Contudo, não se pode concluir daqui que não seja possível celebrar tais acordos. O Tribunal Geral referiu, com razão, no n.o 69 do acórdão recorrido, não impugnado pela Espanha, que sem tais acordos os objetivos do artigo 111.o do AEA Kosovo e do artigo 35.o, n.o 2, do Regulamento ORECE não poderiam ser realizados. O Tribunal Geral concluiu daqui, corretamente, no n.o 70 do acórdão recorrido, igualmente não impugnado, que a referência às disposições aplicáveis dos acordos apenas significa que a adoção dos acordos (de trabalho) não pode contradizer essas disposições.

117.

Já as modalidades do exercício dessa competência, no que respeita à participação da ARN do Kosovo, resultam exclusivamente do Regulamento ORECE.
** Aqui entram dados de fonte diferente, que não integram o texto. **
(* Let $\varphi$ be a modal formula, let $\mathrm{Sub}(\varphi)$ be its set of subformulas, and let $q$ be a propositional variable not occurring in $\varphi$. Put $q^1=q$, $q^0=\neg q$, and $$X=\{\Box(q^e\to\psi)\to\psi:\ e\in\{0,1\},\ \Box\psi\in\mathrm{Sub}(\varphi)\}.$$ Let $X^{\boxdot}=\{\xi^{\boxdot}:\xi\in X\}$. Then: (i) $X^{\boxdot}\vdash_{\mathbf K}\Box\psi^{\boxdot}\to\psi^{\boxdot}$ for every $\Box\psi\in\mathrm{Sub}(\varphi)$; this derivation does not even need necessitation. (ii) $X^{\boxdot}\vdash_{\mathbf K}\psi\leftrightarrow\psi^{\boxdot}$ for every $\psi\in\mathrm{Sub}(\varphi)$.
   Context: $\mathbf K$ is the smallest normal modal logic. The boxdot translation $\varphi\mapsto\varphi^{\boxdot}$ fixes variables, commutes with Boolean connectives, and satisfies $(\Box\varphi)^{\boxdot}=\varphi^{\boxdot}\wedge\Box\varphi^{\boxdot}$. For a normal modal logic $L$, a set of formulas $Y$ and a formula $\theta$, $Y\vdash_L\theta$ (global consequence) means that $\theta$ has a finite derivation from elements of $Y$ and theorems of $L$ using modus ponens and necessitation. *)

theory Defs
  imports Main
begin

datatype fm =
    Var nat
  | Bot
  | Top
  | Neg fm
  | And fm fm
  | Or fm fm
  | Imp fm fm
  | Box fm

definition Iff :: "fm \<Rightarrow> fm \<Rightarrow> fm" where
  "Iff A B = And (Imp A B) (Imp B A)"

fun vars :: "fm \<Rightarrow> nat set" where
  "vars (Var p) = {p}"
| "vars Bot = {}"
| "vars Top = {}"
| "vars (Neg A) = vars A"
| "vars (And A B) = vars A \<union> vars B"
| "vars (Or A B) = vars A \<union> vars B"
| "vars (Imp A B) = vars A \<union> vars B"
| "vars (Box A) = vars A"

fun Sub :: "fm \<Rightarrow> fm set" where
  "Sub (Var p) = {Var p}"
| "Sub Bot = {Bot}"
| "Sub Top = {Top}"
| "Sub (Neg A) = insert (Neg A) (Sub A)"
| "Sub (And A B) = insert (And A B) (Sub A \<union> Sub B)"
| "Sub (Or A B) = insert (Or A B) (Sub A \<union> Sub B)"
| "Sub (Imp A B) = insert (Imp A B) (Sub A \<union> Sub B)"
| "Sub (Box A) = insert (Box A) (Sub A)"

fun boxdot :: "fm \<Rightarrow> fm" where
  "boxdot (Var p) = Var p"
| "boxdot Bot = Bot"
| "boxdot Top = Top"
| "boxdot (Neg A) = Neg (boxdot A)"
| "boxdot (And A B) = And (boxdot A) (boxdot B)"
| "boxdot (Or A B) = Or (boxdot A) (boxdot B)"
| "boxdot (Imp A B) = Imp (boxdot A) (boxdot B)"
| "boxdot (Box A) = And (boxdot A) (Box (boxdot A))"

fun peval :: "(fm \<Rightarrow> bool) \<Rightarrow> fm \<Rightarrow> bool" where
  "peval v (Var p) = v (Var p)"
| "peval v Bot = False"
| "peval v Top = True"
| "peval v (Neg A) = (\<not> peval v A)"
| "peval v (And A B) = (peval v A \<and> peval v B)"
| "peval v (Or A B) = (peval v A \<or> peval v B)"
| "peval v (Imp A B) = (peval v A \<longrightarrow> peval v B)"
| "peval v (Box A) = v (Box A)"

definition taut :: "fm \<Rightarrow> bool" where
  "taut A \<longleftrightarrow> (\<forall>v. peval v A)"

inductive K_thm :: "fm \<Rightarrow> bool" where
  K_taut: "taut A \<Longrightarrow> K_thm A"
| K_ax: "K_thm (Imp (Box (Imp A B)) (Imp (Box A) (Box B)))"
| K_mp: "K_thm (Imp A B) \<Longrightarrow> K_thm A \<Longrightarrow> K_thm B"
| K_nec: "K_thm A \<Longrightarrow> K_thm (Box A)"

text \<open>Global consequence Y |-_K A: derivation from Y and theorems of K by MP and necessitation.\<close>
inductive gcons :: "fm set \<Rightarrow> fm \<Rightarrow> bool" for Y where
  g_hyp: "A \<in> Y \<Longrightarrow> gcons Y A"
| g_thm: "K_thm A \<Longrightarrow> gcons Y A"
| g_mp: "gcons Y (Imp A B) \<Longrightarrow> gcons Y A \<Longrightarrow> gcons Y B"
| g_nec: "gcons Y A \<Longrightarrow> gcons Y (Box A)"

inductive mpcons :: "fm set \<Rightarrow> fm \<Rightarrow> bool" for Y where
  m_hyp: "A \<in> Y \<Longrightarrow> mpcons Y A"
| m_thm: "K_thm A \<Longrightarrow> mpcons Y A"
| m_mp: "mpcons Y (Imp A B) \<Longrightarrow> mpcons Y A \<Longrightarrow> mpcons Y B"

definition qlit :: "nat \<Rightarrow> bool \<Rightarrow> fm" where
  "qlit q e = (if e then Var q else Neg (Var q))"

definition Xset :: "fm \<Rightarrow> nat \<Rightarrow> fm set" where
  "Xset \<phi> q = {Imp (Box (Imp (qlit q e) \<psi>)) \<psi> | e \<psi>. Box \<psi> \<in> Sub \<phi>}"

end

theory Submission
  imports Defs
begin

text \<open>
  For (i): \<open>\<box>\<psi>\<^sup>\<boxdot>\<close> yields \<open>\<box>(q\<^sup>e \<rightarrow> \<psi>\<^sup>\<boxdot>)\<close> by monotonicity of \<open>\<box>\<close>, and then the translated
  member \<open>(q\<^sup>e \<rightarrow> \<psi>\<^sup>\<boxdot>) \<and> \<box>(q\<^sup>e \<rightarrow> \<psi>\<^sup>\<boxdot>) \<rightarrow> \<psi>\<^sup>\<boxdot>\<close> of \<open>X\<^sup>\<boxdot>\<close> gives \<open>(q\<^sup>e \<rightarrow> \<psi>\<^sup>\<boxdot>) \<rightarrow> \<psi>\<^sup>\<boxdot>\<close>
  for both values of \<open>e\<close>; a case split on \<open>q\<close> yields \<open>\<psi>\<^sup>\<boxdot>\<close>.
  For (ii) induct on \<open>\<psi>\<close>: the Boolean cases are propositional, and for \<open>\<box>\<psi>\<close> the induction
  hypothesis with necessitation gives \<open>\<box>\<psi> \<leftrightarrow> \<box>\<psi>\<^sup>\<boxdot>\<close>, while (i) makes \<open>\<box>\<psi>\<^sup>\<boxdot>\<close> equivalent
  to \<open>\<psi>\<^sup>\<boxdot> \<and> \<box>\<psi>\<^sup>\<boxdot>\<close>.
\<close>

lemma Sub_refl [simp]: "A \<in> Sub A"
  by (cases A) auto

lemma Sub_trans: "B \<in> Sub A \<Longrightarrow> C \<in> Sub B \<Longrightarrow> C \<in> Sub A"
  by (induction A) auto

lemma boxdot_qlit [simp]: "boxdot (qlit q e) = qlit q e"
  by (simp add: qlit_def)

lemma K_thm_Box_mono: "taut (Imp A B) \<Longrightarrow> K_thm (Imp (Box A) (Box B))"
  by (meson K_ax K_mp K_nec K_taut)

lemma mpcons_imp_gcons: "mpcons Y A \<Longrightarrow> gcons Y A"
  by (induction rule: mpcons.induct) (auto intro: gcons.intros)

lemma mpcons_taut_consequence:
  assumes "\<forall>A\<in>set As. mpcons Y A" and "taut (foldr Imp As C)"
  shows "mpcons Y C"
proof -
  have "mpcons Y (foldr Imp As C)"
    using assms(2) by (intro m_thm K_taut)
  with assms(1) show ?thesis
    by (induction As) (auto intro: m_mp)
qed

lemma gcons_taut_consequence:
  assumes "\<forall>A\<in>set As. gcons Y A" and "taut (foldr Imp As C)"
  shows "gcons Y C"
proof -
  have "gcons Y (foldr Imp As C)"
    using assms(2) by (intro g_thm K_taut)
  with assms(1) show ?thesis
    by (induction As) (auto intro: g_mp)
qed

lemma gcons_Box_Iff:
  assumes "gcons Y (Iff A B)"
  shows "gcons Y (Iff (Box A) (Box B))"
proof -
  have K: "gcons Y (Imp (Box (Imp A' B')) (Imp (Box A') (Box B')))" for A' B'
    by (intro g_thm K_ax)
  have "gcons Y (Imp (Box (Iff A B)) (Box (Imp A B)))"
       "gcons Y (Imp (Box (Iff A B)) (Box (Imp B A)))"
    by (intro g_thm K_thm_Box_mono; simp add: taut_def Iff_def)+
  with K g_nec[OF assms] show ?thesis
    by (intro gcons_taut_consequence[where As = "[Box (Iff A B),
          Imp (Box (Iff A B)) (Box (Imp A B)), Imp (Box (Iff A B)) (Box (Imp B A)),
          Imp (Box (Imp A B)) (Imp (Box A) (Box B)), Imp (Box (Imp B A)) (Imp (Box B) (Box A))]"])
       (auto simp: taut_def Iff_def)
qed

lemma mpcons_Xset_boxdot_reflexive:
  assumes "Box \<psi> \<in> Sub \<phi>"
  shows "mpcons (boxdot ` Xset \<phi> q) (Imp (Box (boxdot \<psi>)) (boxdot \<psi>))"
proof -
  let ?Y = "boxdot ` Xset \<phi> q"
  let ?p = "boxdot \<psi>"
  have ax: "mpcons ?Y (Imp (And (Imp (qlit q e) ?p) (Box (Imp (qlit q e) ?p))) ?p)" for e
  proof -
    have "Imp (Box (Imp (qlit q e) \<psi>)) \<psi> \<in> Xset \<phi> q"
      using assms unfolding Xset_def by blast
    then show ?thesis
      by (force intro: m_hyp)
  qed
  have mono: "mpcons ?Y (Imp (Box ?p) (Box (Imp (qlit q e) ?p)))" for e
    by (intro m_thm K_thm_Box_mono) (simp add: taut_def)
  let ?As = "[Imp (And (Imp (qlit q True) ?p) (Box (Imp (qlit q True) ?p))) ?p,
              Imp (And (Imp (qlit q False) ?p) (Box (Imp (qlit q False) ?p))) ?p,
              Imp (Box ?p) (Box (Imp (qlit q True) ?p)),
              Imp (Box ?p) (Box (Imp (qlit q False) ?p))]"
  have "\<forall>A\<in>set ?As. mpcons ?Y A"
    using ax mono by simp
  moreover have "taut (foldr Imp ?As (Imp (Box ?p) ?p))"
    by (auto simp: taut_def qlit_def)
  ultimately show ?thesis
    by (rule mpcons_taut_consequence)
qed

lemma gcons_Xset_Iff_boxdot:
  "\<psi> \<in> Sub \<phi> \<Longrightarrow> gcons (boxdot ` Xset \<phi> q) (Iff \<psi> (boxdot \<psi>))"
proof (induction \<psi>)
  case (Box a)
  have "a \<in> Sub \<phi>"
    using Sub_trans[OF Box.prems] by simp
  then have "gcons (boxdot ` Xset \<phi> q) (Iff (Box a) (Box (boxdot a)))"
    using Box.IH by (intro gcons_Box_Iff)
  moreover have "gcons (boxdot ` Xset \<phi> q) (Imp (Box (boxdot a)) (boxdot a))"
    using Box.prems by (intro mpcons_imp_gcons mpcons_Xset_boxdot_reflexive)
  ultimately show ?case
    by (intro gcons_taut_consequence[where As = "[Iff (Box a) (Box (boxdot a)),
          Imp (Box (boxdot a)) (boxdot a)]"])
       (auto simp: taut_def Iff_def)
next
  case (Neg a)
  have "a \<in> Sub \<phi>"
    using Sub_trans[OF Neg.prems] by simp
  then have "gcons (boxdot ` Xset \<phi> q) (Iff a (boxdot a))"
    by (rule Neg.IH)
  then show ?case
    by (intro gcons_taut_consequence[where As = "[Iff a (boxdot a)]"])
       (auto simp: taut_def Iff_def)
next
  case (And a c)
  have "a \<in> Sub \<phi>" "c \<in> Sub \<phi>"
    using Sub_trans[OF And.prems] by simp_all
  then have "gcons (boxdot ` Xset \<phi> q) (Iff a (boxdot a))"
            "gcons (boxdot ` Xset \<phi> q) (Iff c (boxdot c))"
    by (simp_all add: And.IH)
  then show ?case
    by (intro gcons_taut_consequence[where As = "[Iff a (boxdot a), Iff c (boxdot c)]"])
       (auto simp: taut_def Iff_def)
next
  case (Or a c)
  have "a \<in> Sub \<phi>" "c \<in> Sub \<phi>"
    using Sub_trans[OF Or.prems] by simp_all
  then have "gcons (boxdot ` Xset \<phi> q) (Iff a (boxdot a))"
            "gcons (boxdot ` Xset \<phi> q) (Iff c (boxdot c))"
    by (simp_all add: Or.IH)
  then show ?case
    by (intro gcons_taut_consequence[where As = "[Iff a (boxdot a), Iff c (boxdot c)]"])
       (auto simp: taut_def Iff_def)
next
  case (Imp a c)
  have "a \<in> Sub \<phi>" "c \<in> Sub \<phi>"
    using Sub_trans[OF Imp.prems] by simp_all
  then have "gcons (boxdot ` Xset \<phi> q) (Iff a (boxdot a))"
            "gcons (boxdot ` Xset \<phi> q) (Iff c (boxdot c))"
    by (simp_all add: Imp.IH)
  then show ?case
    by (intro gcons_taut_consequence[where As = "[Iff a (boxdot a), Iff c (boxdot c)]"])
       (auto simp: taut_def Iff_def)
qed (auto intro!: g_thm K_taut simp: taut_def Iff_def)

theorem claim1:
  fixes \<phi> :: fm and q :: nat
  assumes "q \<notin> vars \<phi>"
  shows "(\<forall>\<psi>. Box \<psi> \<in> Sub \<phi> \<longrightarrow>
            mpcons (boxdot ` Xset \<phi> q) (Imp (Box (boxdot \<psi>)) (boxdot \<psi>)))
       \<and> (\<forall>\<psi>. \<psi> \<in> Sub \<phi> \<longrightarrow>
            gcons (boxdot ` Xset \<phi> q) (Iff \<psi> (boxdot \<psi>)))"
  using mpcons_Xset_boxdot_reflexive gcons_Xset_Iff_boxdot by blast

end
2. Quanto à celebração de acordos (de trabalho)

118.

O regime relativo à participação da ARN de países terceiros, contido no artigo 35.o, n.o 2, do Regulamento ORECE, prevê a celebração de acordos (de trabalho), mas não prevê a possibilidade de adoção de decisões unilaterais [v. infra, alínea b)], nem a sua prolação pela Comissão [v. infra, alínea a)]. Ambas as circunstâncias implicam erros de direito, que devem conduzir à anulação do acórdão recorrido.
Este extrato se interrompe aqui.